◆ **Exercise prompt**
Here the job is to restate every entry word for word.

[Records from a dataset]
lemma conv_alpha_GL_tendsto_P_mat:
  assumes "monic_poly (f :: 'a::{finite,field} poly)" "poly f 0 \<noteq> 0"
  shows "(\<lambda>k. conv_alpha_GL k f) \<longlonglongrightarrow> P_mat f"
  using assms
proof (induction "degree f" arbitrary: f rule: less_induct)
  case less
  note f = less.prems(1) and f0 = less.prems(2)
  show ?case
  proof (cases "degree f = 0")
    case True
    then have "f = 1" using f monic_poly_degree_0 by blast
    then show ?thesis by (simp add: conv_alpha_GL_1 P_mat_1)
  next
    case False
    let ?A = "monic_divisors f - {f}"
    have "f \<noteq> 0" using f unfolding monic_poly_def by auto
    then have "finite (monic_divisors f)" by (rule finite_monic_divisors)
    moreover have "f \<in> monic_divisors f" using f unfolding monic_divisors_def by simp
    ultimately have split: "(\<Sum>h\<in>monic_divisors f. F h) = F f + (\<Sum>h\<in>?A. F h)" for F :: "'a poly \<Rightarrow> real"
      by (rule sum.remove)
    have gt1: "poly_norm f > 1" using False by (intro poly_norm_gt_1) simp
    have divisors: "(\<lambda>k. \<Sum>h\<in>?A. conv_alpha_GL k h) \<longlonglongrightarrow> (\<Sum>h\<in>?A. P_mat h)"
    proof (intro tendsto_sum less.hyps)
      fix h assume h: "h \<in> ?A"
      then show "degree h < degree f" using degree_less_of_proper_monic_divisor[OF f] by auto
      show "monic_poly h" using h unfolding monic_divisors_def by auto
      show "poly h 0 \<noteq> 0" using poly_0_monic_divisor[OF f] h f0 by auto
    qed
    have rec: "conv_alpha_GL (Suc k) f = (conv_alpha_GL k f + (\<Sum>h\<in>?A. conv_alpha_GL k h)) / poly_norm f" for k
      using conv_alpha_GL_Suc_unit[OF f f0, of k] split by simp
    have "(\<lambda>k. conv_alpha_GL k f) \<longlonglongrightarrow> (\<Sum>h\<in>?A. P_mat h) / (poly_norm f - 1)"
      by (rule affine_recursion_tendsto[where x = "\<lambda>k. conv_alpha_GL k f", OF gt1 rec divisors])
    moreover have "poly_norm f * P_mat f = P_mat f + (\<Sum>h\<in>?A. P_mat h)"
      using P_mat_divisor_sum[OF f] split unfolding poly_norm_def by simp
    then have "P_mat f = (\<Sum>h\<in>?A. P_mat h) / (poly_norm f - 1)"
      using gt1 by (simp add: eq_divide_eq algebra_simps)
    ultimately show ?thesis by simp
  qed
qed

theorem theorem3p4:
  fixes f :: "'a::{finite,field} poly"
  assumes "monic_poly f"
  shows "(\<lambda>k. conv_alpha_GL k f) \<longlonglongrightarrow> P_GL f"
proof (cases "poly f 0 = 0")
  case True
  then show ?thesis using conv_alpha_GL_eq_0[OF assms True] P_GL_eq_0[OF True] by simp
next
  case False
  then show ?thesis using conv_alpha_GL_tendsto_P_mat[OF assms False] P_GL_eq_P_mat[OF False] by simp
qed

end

◆ **Reply to the task**
lemma conv_alpha_GL_tendsto_P_mat:
  assumes "monic_poly (f :: 'a::{finite,field} poly)" "poly f 0 \<noteq> 0"
  shows "(\<lambda>k. conv_alpha_GL k f) \<longlonglongrightarrow> P_mat f"
  using assms
proof (induction "degree f" arbitrary: f rule: less_induct)
  case less
  note f = less.prems(1) and f0 = less.prems(2)
  show ?case
  proof (cases "degree f = 0")
    case True
    then have "f = 1" using f monic_poly_degree_0 by blast
    then show ?thesis by (simp add: conv_alpha_GL_1 P_mat_1)
  next
    case False
    let ?A = "monic_divisors f - {f}"
    have "f \<noteq> 0" using f unfolding monic_poly_def by auto
    then have "finite (monic_divisors f)" by (rule finite_monic_divisors)
    moreover have "f \<in> monic_divisors f" using f unfolding monic_divisors_def by simp
    ultimately have split: "(\<Sum>h\<in>monic_divisors f. F h) = F f + (\<Sum>h\<in>?A. F h)" for F :: "'a poly \<Rightarrow> real"
      by (rule sum.remove)
    have gt1: "poly_norm f > 1" using False by (intro poly_norm_gt_1) simp
    have divisors: "(\<lambda>k. \<Sum>h\<in>?A. conv_alpha_GL k h) \<longlonglongrightarrow> (\<Sum>h\<in>?A. P_mat h)"
    proof (intro tendsto_sum less.hyps)
      fix h assume h: "h \<in> ?A"
      then show "degree h < degree f" using degree_less_of_proper_monic_divisor[OF f] by auto
      show "monic_poly h" using h unfolding monic_divisors_def by auto
      show "poly h 0 \<noteq> 0" using poly_0_monic_divisor[OF f] h f0 by auto
    qed
    have rec: "conv_alpha_GL (Suc k) f = (conv_alpha_GL k f + (\<Sum>h\<in>?A. conv_alpha_GL k h)) / poly_norm f" for k
      using conv_alpha_GL_Suc_unit[OF f f0, of k] split by simp
    have "(\<lambda>k. conv_alpha_GL k f) \<longlonglongrightarrow> (\<Sum>h\<in>?A. P_mat h) / (poly_norm f - 1)"
      by (rule affine_recursion_tendsto[where x = "\<lambda>k. conv_alpha_GL k f", OF gt1 rec divisors])
    moreover have "poly_norm f * P_mat f = P_mat f + (\<Sum>h\<in>?A. P_mat h)"
      using P_mat_divisor_sum[OF f] split unfolding poly_norm_def by simp
    then have "P_mat f = (\<Sum>h\<in>?A. P_mat h) / (poly_norm f - 1)"
      using gt1 by (simp add: eq_divide_eq algebra_simps)
    ultimately show ?thesis by simp
  qed
qed

theorem theorem3p4:
  fixes f :: "'a::{finite,field} poly"
  assumes "monic_poly f"
  shows "(\<lambda>k. conv_alpha_GL k f) \<longlonglongrightarrow> P_GL f"
proof (cases "poly f 0 = 0")
  case True
  then show ?thesis using conv_alpha_GL_eq_0[OF assms True] P_GL_eq_0[OF True] by simp
next
  case False
  then show ?thesis using conv_alpha_GL_tendsto_P_mat[OF assms False] P_GL_eq_P_mat[OF False] by simp
qed

end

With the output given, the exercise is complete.